[What to do]: Show all lines from the records below in which the string "definition" is present.

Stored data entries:
·····

(* Let $\mathcal{A}$ be any deterministic distributed algorithm with advice (with its oracle) that solves Selection in $\psi_S(G)$ rounds on every feasible graph $G$. Then for all integers $k\ge 1$ and $\Delta\ge 5$ there exists a graph $G$ with maximum degree $\Delta$ and $\psi_S(G)=k$ for which $\mathcal{A}$ requires advice of size $\Omega((\Delta-1)^k\log\Delta)$ (i.e., the advice string the oracle gives for $G$ has length at least $c(\Delta-1)^k\log\Delta$ for an absolute constant $c>0$).
   Context: Networks are simple undirected connected graphs without node identifiers; at each node of degree $d$ incident edges have distinct local port numbers $0,\dots,d-1$. Communication is in the synchronous LOCAL model; initially a node knows only its degree. In the advice model an oracle knowing the whole port-labeled graph gives the same binary string to all nodes at the start; its length is the size of advice. A graph is feasible if all nodes have distinct views (the view of $v$ being the infinite tree of all finite paths from $v$ coded by their port-number sequences). Selection: exactly one node outputs "leader" and all others output "non-leader". The Selection index $\psi_S(G)$ is the minimum number of rounds in which Selection can be solved on $G$ by a deterministic algorithm when every node knows the complete map of $G$ (an isomorphic copy with all port numbers). *)

theory Defs
  imports Complex_Main
begin

text \<open>Port-labeled anonymous networks. Nodes of a graph are represented by the
naturals below pg_n G (the names are invisible to the nodes).
pg_port G v u is the local port number at v of the edge {v,u}.\<close>

record pgraph =
  pg_n    :: nat
  pg_adj  :: "nat \<Rightarrow> nat \<Rightarrow> bool"
  pg_port :: "nat \<Rightarrow> nat \<Rightarrow> nat"

definition deg :: "pgraph \<Rightarrow> nat \<Rightarrow> nat" where
  "deg G v = card {u. u < pg_n G \<and> pg_adj G v u}"

definition maxdeg :: "pgraph \<Rightarrow> nat" where
  "maxdeg G = Max (deg G ` {..<pg_n G})"

definition wf_pgraph :: "pgraph \<Rightarrow> bool" where
  "wf_pgraph G \<longleftrightarrow>
     pg_n G \<ge> 1 \<and>
     (\<forall>u v. pg_adj G u v \<longrightarrow> u < pg_n G \<and> v < pg_n G) \<and>
     (\<forall>u v. pg_adj G u v \<longrightarrow> pg_adj G v u) \<and>
     (\<forall>v. \<not> pg_adj G v v) \<and>
     (\<forall>u<pg_n G. \<forall>v<pg_n G. (u, v) \<in> {(a, b). pg_adj G a b}\<^sup>*) \<and>
     (\<forall>v<pg_n G. bij_betw (pg_port G v) {u. pg_adj G v u} {0..<deg G v})"
(* Let $\mathcal{G}=(\mathcal{V},\mathcal{E})$ be an undirected connected graph with vertex set $\mathcal{V}=\{1,\dots,m\}$, let $\mathcal{X}\subseteq\mathbb{R}^n$ be a closed convex set, and consider the problem $$\min_{\bm{x}=(x_1,\dots,x_m)\in\mathcal{X}^m}\ \sum_{i\in\mathcal{V}} f_i(x_i)\quad\text{subject to}\quad (P\otimes I_n)\bm{x}=\bm{x}.$$ Assume: (a) each $f_i:\mathbb{R}^n\to\mathbb{R}\cup\{+\infty\}$ is closed, proper and convex; (b) there is a pair $(\bm{x}^\star,\bm{\nu}^\star)$ such that for every $i\in\mathcal{V}$: $\sum_{j\in\mathcal{V}}P_{ij}x_j^\star=x_i^\star$, and there exists $g_i\in N_{\mathcal{X}}(x_i^\star)$ with $-\nu_i^\star+\sum_{j\in\mathcal{V}}P_{ij}\nu_j^\star-g_i\in\partial f_i(x_i^\star)$; (c) $\mathcal{D}\subseteq\mathbb{R}^n$ is an open convex set whose closure contains $\mathcal{X}$; for each $i\in\mathcal{V}$, $\varphi_i:\mathcal{D}\to\mathbb{R}$ is strictly convex (and differentiable); $\phi:\mathcal{D}\to\mathbb{R}$ is a mirror map with $B_\phi(u,v)\ge\frac{\mu}{2}\|u-v\|_p^2$ for all $u,v\in\mathcal{X}\cap\mathcal{D}$; (d) $P\in\mathbb{R}^{m\times m}$ is symmetric, stochastic, irreducible and positive semidefinite, with $P_{ij}>0$ only if $j\in\mathcal{N}(i)$. Let $\tau,\rho>0$, $\delta_1,\dots,\delta_m\ge0$, $\bm{x}^{(0)}\in\mathcal{X}^m\cap\mathcal{D}^m$, $\bm{\nu}^{(0)}=0$, and let $\{\bm{y}^{(t)},\bm{x}^{(t)},\bm{\nu}^{(t)}\}$ be generated by: for $t=0,1,2,\dots$ and every $i\in\mathcal{V}$, $$y_i^{(t)}=\operatorname*{argmin}_{y_i\in\mathcal{X}}\sum_{j\in\mathcal{V}}P_{ij}B_\phi(y_i,x_j^{(t)}),$$ $$x_i^{(t+1)}=\operatorname*{argmin}_{x_i\in\mathcal{X}}\ f_i(x_i)+\Big\langle x_i,\ \nu_i^{(t)}-\sum_{j\in\mathcal{V}}P_{ij}\nu_j^{(t)}\Big\rangle+\rho B_\phi(x_i,y_i^{(t)})+\delta_iB_{\varphi_i}(x_i,x_i^{(t)}),$$ $$\nu_i^{(t+1)}=\nu_i^{(t)}+\tau x_i^{(t+1)}-\tau\sum_{j\in\mathcal{V}}P_{ij}x_j^{(t+1)}.$$ Let $\sigma=\min\{1,n^{\frac{2}{p}-1}\}$, $0<\gamma<\mu\sigma$, $\tau\le\rho(\mu\sigma-\gamma)$, and $$V(0)=\frac{1}{2\tau\rho}\|\bm{\nu}^\star-\bm{\nu}^{(0)}\|_2^2+\sum_{i\in\mathcal{V}}B_\phi(x_i^\star,y_i^{(0)})+\sum_{i\in\mathcal{V}}\frac{\delta_i}{\rho}B_{\varphi_i}(x_i^\star,x_i^{(0)}).$$ For $T\ge1$ let $\bar{\bm{x}}^{(T)}=\frac1T\sum_{t=1}^T\bm{x}^{(t)}$ with blocks $\bar x_i^{(T)}$. Then $$\sum_{i\in\mathcal{V}}f_i(\bar x_i^{(T)})-\sum_{i\in\mathcal{V}}f_i(x_i^\star)\le\frac1T\Big(\rho\sum_{i\in\mathcal{V}}B_\phi(x_i^\star,y_i^{(0)})+\sum_{i\in\mathcal{V}}\delta_iB_{\varphi_i}(x_i^\star,x_i^{(0)})\Big)$$ and $$\frac12\big\|((I_m-P)\otimes I_n)\bar{\bm{x}}^{(T)}\big\|_2^2\le\frac{V(0)}{\gamma T}.$$
   Context: $\mathcal{N}(i)$ is the set of neighbors of vertex $i$. $\bm{x}=[x_1^\top,\dots,x_m^\top]^\top\in\mathbb{R}^{mn}$; $\otimes$ is the Kronecker product. The normal cone is $N_{\mathcal{X}}(u)=\{g:\langle g,u-v\rangle\ge0\ \forall v\in\mathcal{X}\}$. A mirror map on open convex $\mathcal{D}$ is a differentiable strictly convex $\phi:\mathcal{D}\to\mathbb{R}$ whose gradient takes all values in $\mathbb{R}^n$ and whose gradient norm diverges at the boundary of the closure of $\mathcal{D}$. $B_\psi(u,v)=\psi(u)-\psi(v)-\langle\nabla\psi(v),u-v\rangle$ is the Bregman divergence. Stochastic means nonnegative entries with row sums 1. *)

theory Defs
  imports "HOL-Analysis.Analysis" "HOL-Library.Extended_Real"
begin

·····

[Solution to this problem]:
definition deg :: "pgraph \<Rightarrow> nat \<Rightarrow> nat" where
definition maxdeg :: "pgraph \<Rightarrow> nat" where
definition wf_pgraph :: "pgraph \<Rightarrow> bool" where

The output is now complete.